Le WSOP del 2006 sono state quelle che mi hanno fatto decidere di diventare un poker pro, ma sono stati anche uno dei momenti più frustranti della mia carriera.
All'epoca lavoravo nell'industria tecnologica, dove facevo un full time, per dedicarmi al poker la notte. Vincevo abbastanza, ma non volevo ancora mettere a repentaglio lamia carrieraper il poker. Comunque, stavo andando così bene che decisi di andare a Las Vegas per le WSOP.

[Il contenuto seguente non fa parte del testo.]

(* Let $\theta=(\gamma,\mu,\sigma)\in\mathbb{R}\times\mathbb{R}\times(0,\infty)$ and $x\in\mathbb{R}$ with $1+\gamma z>0$, where $z=(x-\mu)/\sigma$, and let $u=u_\gamma(z)$. Then \[|\partial_\mu\ell_\theta(x)|\le\begin{cases}\sigma^{-1}(1+|\gamma|)\,u^{1+\gamma}&\text{if }z\le0,\\ \sigma^{-1}(1+|\gamma|)\,u^{\gamma}&\text{if }z\ge0.\end{cases}\]
   Context: $u_\gamma(z)=(1+\gamma z)^{-1/\gamma}$ for $\gamma\ne0$ and $e^{-z}$ for $\gamma=0$. $\ell_\theta(x)=\log p_\theta(x)=-\log\sigma-u+(\gamma+1)\log u$ is the GEV log-density on $\{1+\gamma z>0\}$ (the GEV density being $p_\theta(x)=\sigma^{-1}e^{-u}u^{\gamma+1}\mathbf 1(1+\gamma z>0)$); its partial derivative in $\mu$ is $\partial_\mu\ell_\theta(x)=\frac{\gamma+1-u}{\sigma(1+\gamma z)}$. *)

theory Defs
  imports "HOL-Analysis.Analysis"
begin

definition gev_u :: "real \<Rightarrow> real \<Rightarrow> real" where
  "gev_u \<gamma> z = (if \<gamma> = 0 then exp (- z) else (1 + \<gamma> * z) powr (- 1 / \<gamma>))"

definition gev_loglik :: "real \<Rightarrow> real \<Rightarrow> real \<Rightarrow> real \<Rightarrow> real" where
  "gev_loglik \<gamma> \<mu> \<sigma> x =
     (let u = gev_u \<gamma> ((x - \<mu>) / \<sigma>) in - ln \<sigma> - u + (\<gamma> + 1) * ln u)"

end

(* With z = (x - mu)/sigma and u = u_gamma(z), the chain rule and du/dz = -u/(1 + gamma z) give
   d ell/d mu = (gamma + 1 - u)/(sigma (1 + gamma z)) = (gamma + 1 - u) u^gamma / sigma,
   because u^gamma = 1/(1 + gamma z). Since ln u = -ln(1 + gamma z)/gamma has the sign of -z, we have
   u >= 1 for z <= 0, where |gamma + 1 - u| <= (1 + |gamma|) u, and 0 < u <= 1 for z >= 0,
   where |gamma + 1 - u| <= 1 + |gamma|. *)
theory Submission
  imports Defs
begin

lemma gev_u_pos: "1 + \<gamma> * z > 0 \<Longrightarrow> gev_u \<gamma> z > 0"
  by (simp add: gev_u_def)

lemma gev_u_powr_eq_inverse:
  assumes "1 + \<gamma> * z > 0"
  shows "gev_u \<gamma> z powr \<gamma> = 1 / (1 + \<gamma> * z)"
proof (cases "\<gamma> = 0")
  case False
  then have "gev_u \<gamma> z powr \<gamma> = (1 + \<gamma> * z) powr (-1)"
    using assms by (simp add: gev_u_def powr_powr)
  then show ?thesis
    using assms by (simp add: powr_minus_divide)
qed (simp add: gev_u_def)

lemma ln_gev_u:
  assumes "1 + \<gamma> * z > 0" and "\<gamma> \<noteq> 0"
  shows "ln (gev_u \<gamma> z) = - ln (1 + \<gamma> * z) / \<gamma>"
  using assms by (simp add: gev_u_def ln_powr)

lemma one_le_gev_u_iff:
  assumes "1 + \<gamma> * z > 0"
  shows "1 \<le> gev_u \<gamma> z \<longleftrightarrow> z \<le> 0"
proof (cases "\<gamma> = 0")
  case False
  have "1 \<le> gev_u \<gamma> z \<longleftrightarrow> ln (1 + \<gamma> * z) / \<gamma> \<le> 0"
    using gev_u_pos[OF assms] ln_gev_u[OF assms False] by (simp flip: ln_ge_zero_iff)
  also have "\<dots> \<longleftrightarrow> z \<le> 0"
    using assms False by (auto simp: divide_le_0_iff zero_le_mult_iff mult_le_0_iff)
  finally show ?thesis .
qed (simp add: gev_u_def)

lemma gev_u_le_one_iff:
  assumes "1 + \<gamma> * z > 0"
  shows "gev_u \<gamma> z \<le> 1 \<longleftrightarrow> 0 \<le> z"
proof (cases "\<gamma> = 0")
  case False
  have "gev_u \<gamma> z \<le> 1 \<longleftrightarrow> 0 \<le> ln (1 + \<gamma> * z) / \<gamma>"
    using gev_u_pos[OF assms] ln_gev_u[OF assms False] by (simp flip: ln_le_zero_iff)
  also have "\<dots> \<longleftrightarrow> 0 \<le> z"
    using assms False by (auto simp: zero_le_divide_iff zero_le_mult_iff mult_le_0_iff)
  finally show ?thesis .
qed (simp add: gev_u_def)

lemma has_real_derivative_gev_u:
  assumes "1 + \<gamma> * z > 0"
  shows "(gev_u \<gamma> has_real_derivative - gev_u \<gamma> z / (1 + \<gamma> * z)) (at z)"
proof (cases "\<gamma> = 0")
  case True
  show ?thesis
    unfolding True gev_u_def by (auto intro!: derivative_eq_intros)
next
  case False
  have "gev_u \<gamma> = (\<lambda>w. (1 + \<gamma> * w) powr (- 1 / \<gamma>))"
    using False by (simp add: gev_u_def fun_eq_iff)
  moreover have "((\<lambda>w. (1 + \<gamma> * w) powr (- 1 / \<gamma>)) has_real_derivative
      - ((1 + \<gamma> * z) powr (- 1 / \<gamma>)) / (1 + \<gamma> * z)) (at z)"
    using assms False by (auto intro!: derivative_eq_intros simp: powr_diff)
  ultimately show ?thesis
    by (simp add: gev_u_def False)
qed

lemma has_real_derivative_gev_loglik_location:
  fixes \<gamma> \<mu> \<sigma> x :: real
  defines "z \<equiv> (x - \<mu>) / \<sigma>"
  assumes "\<sigma> > 0" and "1 + \<gamma> * z > 0"
  shows "((\<lambda>m. gev_loglik \<gamma> m \<sigma> x) has_real_derivative
           (\<gamma> + 1 - gev_u \<gamma> z) / (\<sigma> * (1 + \<gamma> * z))) (at \<mu>)"
proof -
  define U where "U = (\<lambda>m. gev_u \<gamma> ((x - m) / \<sigma>))"
  define u' where "u' = U \<mu> / (\<sigma> * (1 + \<gamma> * z))"
  have "((\<lambda>m. (x - m) / \<sigma>) has_real_derivative - 1 / \<sigma>) (at \<mu>)"
    using assms(2) by (auto intro!: derivative_eq_intros)
  from DERIV_chain2[OF has_real_derivative_gev_u[OF assms(3), unfolded z_def] this]
  have "(U has_real_derivative u') (at \<mu>)"
    by (simp add: U_def u'_def z_def mult.commute)
  moreover have "U \<mu> > 0"
    using gev_u_pos[OF assms(3)] by (simp add: U_def z_def)
  ultimately have "((\<lambda>m. - ln \<sigma> - U m + (\<gamma> + 1) * ln (U m)) has_real_derivative
      - u' + (\<gamma> + 1) * (u' / U \<mu>)) (at \<mu>)"
    by (auto intro!: derivative_eq_intros)
  moreover have "- u' + (\<gamma> + 1) * (u' / U \<mu>) = (\<gamma> + 1 - U \<mu>) / (\<sigma> * (1 + \<gamma> * z))"
    using \<open>U \<mu> > 0\<close> by (simp add: u'_def diff_divide_distrib add_divide_distrib)
  ultimately show ?thesis
    by (simp add: gev_loglik_def Let_def U_def z_def)
qed

lemma deriv_gev_loglik_location:
  fixes \<gamma> \<mu> \<sigma> x :: real
  defines "z \<equiv> (x - \<mu>) / \<sigma>"
  assumes "\<sigma> > 0" and "1 + \<gamma> * z > 0"
  shows "deriv (\<lambda>m. gev_loglik \<gamma> m \<sigma> x) \<mu>
           = (\<gamma> + 1 - gev_u \<gamma> z) * gev_u \<gamma> z powr \<gamma> / \<sigma>"
  using DERIV_imp_deriv[OF has_real_derivative_gev_loglik_location[OF assms(2,3)[unfolded z_def]]]
    gev_u_powr_eq_inverse[OF assms(3)]
  by (simp add: z_def)

lemma abs_add_one_diff_le_of_one_le:
  fixes \<gamma> u :: real
  assumes "1 \<le> u"
  shows "\<bar>\<gamma> + 1 - u\<bar> \<le> (1 + \<bar>\<gamma>\<bar>) * u"
proof -
  have "\<bar>\<gamma>\<bar> \<le> \<bar>\<gamma>\<bar> * u"
    using assms by (simp add: mult_le_cancel_left1)
  then show ?thesis
    using assms by (auto simp: abs_le_iff algebra_simps)
qed

lemma abs_add_one_diff_le_of_le_one:
  fixes \<gamma> u :: real
  assumes "0 < u" and "u \<le> 1"
  shows "\<bar>\<gamma> + 1 - u\<bar> \<le> 1 + \<bar>\<gamma>\<bar>"
  using assms by (auto simp: abs_if)

theorem lemmaB2:
  fixes \<gamma> \<mu> \<sigma> x :: real
  assumes "\<sigma> > 0"
    and "1 + \<gamma> * ((x - \<mu>) / \<sigma>) > 0"
  shows "let z = (x - \<mu>) / \<sigma>; u = gev_u \<gamma> z;
             d = deriv (\<lambda>m. gev_loglik \<gamma> m \<sigma> x) \<mu> in
           (z \<le> 0 \<longrightarrow> \<bar>d\<bar> \<le> (1 + \<bar>\<gamma>\<bar>) * u powr (1 + \<gamma>) / \<sigma>) \<and>
           (z \<ge> 0 \<longrightarrow> \<bar>d\<bar> \<le> (1 + \<bar>\<gamma>\<bar>) * u powr \<gamma> / \<sigma>)"
proof -
  define z where "z = (x - \<mu>) / \<sigma>"
  define u where "u = gev_u \<gamma> z"
  have supp: "1 + \<gamma> * z > 0"
    using assms(2) by (simp add: z_def)
  have "u > 0"
    using gev_u_pos[OF supp] by (simp add: u_def)
  have d: "\<bar>deriv (\<lambda>m. gev_loglik \<gamma> m \<sigma> x) \<mu>\<bar> = \<bar>\<gamma> + 1 - u\<bar> * u powr \<gamma> / \<sigma>"
    using deriv_gev_loglik_location[OF assms] assms(1)
    by (simp add: u_def z_def abs_mult)
  have "\<bar>\<gamma> + 1 - u\<bar> * u powr \<gamma> / \<sigma> \<le> (1 + \<bar>\<gamma>\<bar>) * u powr (1 + \<gamma>) / \<sigma>" if "z \<le> 0"
    using abs_add_one_diff_le_of_one_le[of u \<gamma>] one_le_gev_u_iff[OF supp] that \<open>u > 0\<close> assms(1)
    by (simp add: u_def powr_add divide_right_mono mult_right_mono mult.assoc)
  moreover have "\<bar>\<gamma> + 1 - u\<bar> * u powr \<gamma> / \<sigma> \<le> (1 + \<bar>\<gamma>\<bar>) * u powr \<gamma> / \<sigma>" if "z \<ge> 0"
    using abs_add_one_diff_le_of_le_one[of u \<gamma>] gev_u_le_one_iff[OF supp] that \<open>u > 0\<close> assms(1)
    by (simp add: u_def divide_right_mono mult_right_mono)
  ultimately show ?thesis
    by (simp add: Let_def d flip: z_def u_def)
qed

end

Partecipavo già a tutti gli EPT, partivamo ogni volta dai 3 ai 5 amici, ma nessuno di loro era ungherese. A Vegas sono andato da solo, arrivando oltre la mezzanotte, di Martedì. Nonostante fossi esausto e sotto l'effetto del jet lag, non sono riuscito a trattenermi dall'andare al Rio. Quando sono entrato nell'Amazon Room, ero circondato da stelle come Doyle Brunson e Phil Ivey.
Il mio primo evento WSOP l'ho giocato l'indomani, nel pomeriggio. Penso di aver giocato abbastanza male rispetto a come gioco adesso. Allora non ero un pro, ma avevo comunque terminato la giornata in average.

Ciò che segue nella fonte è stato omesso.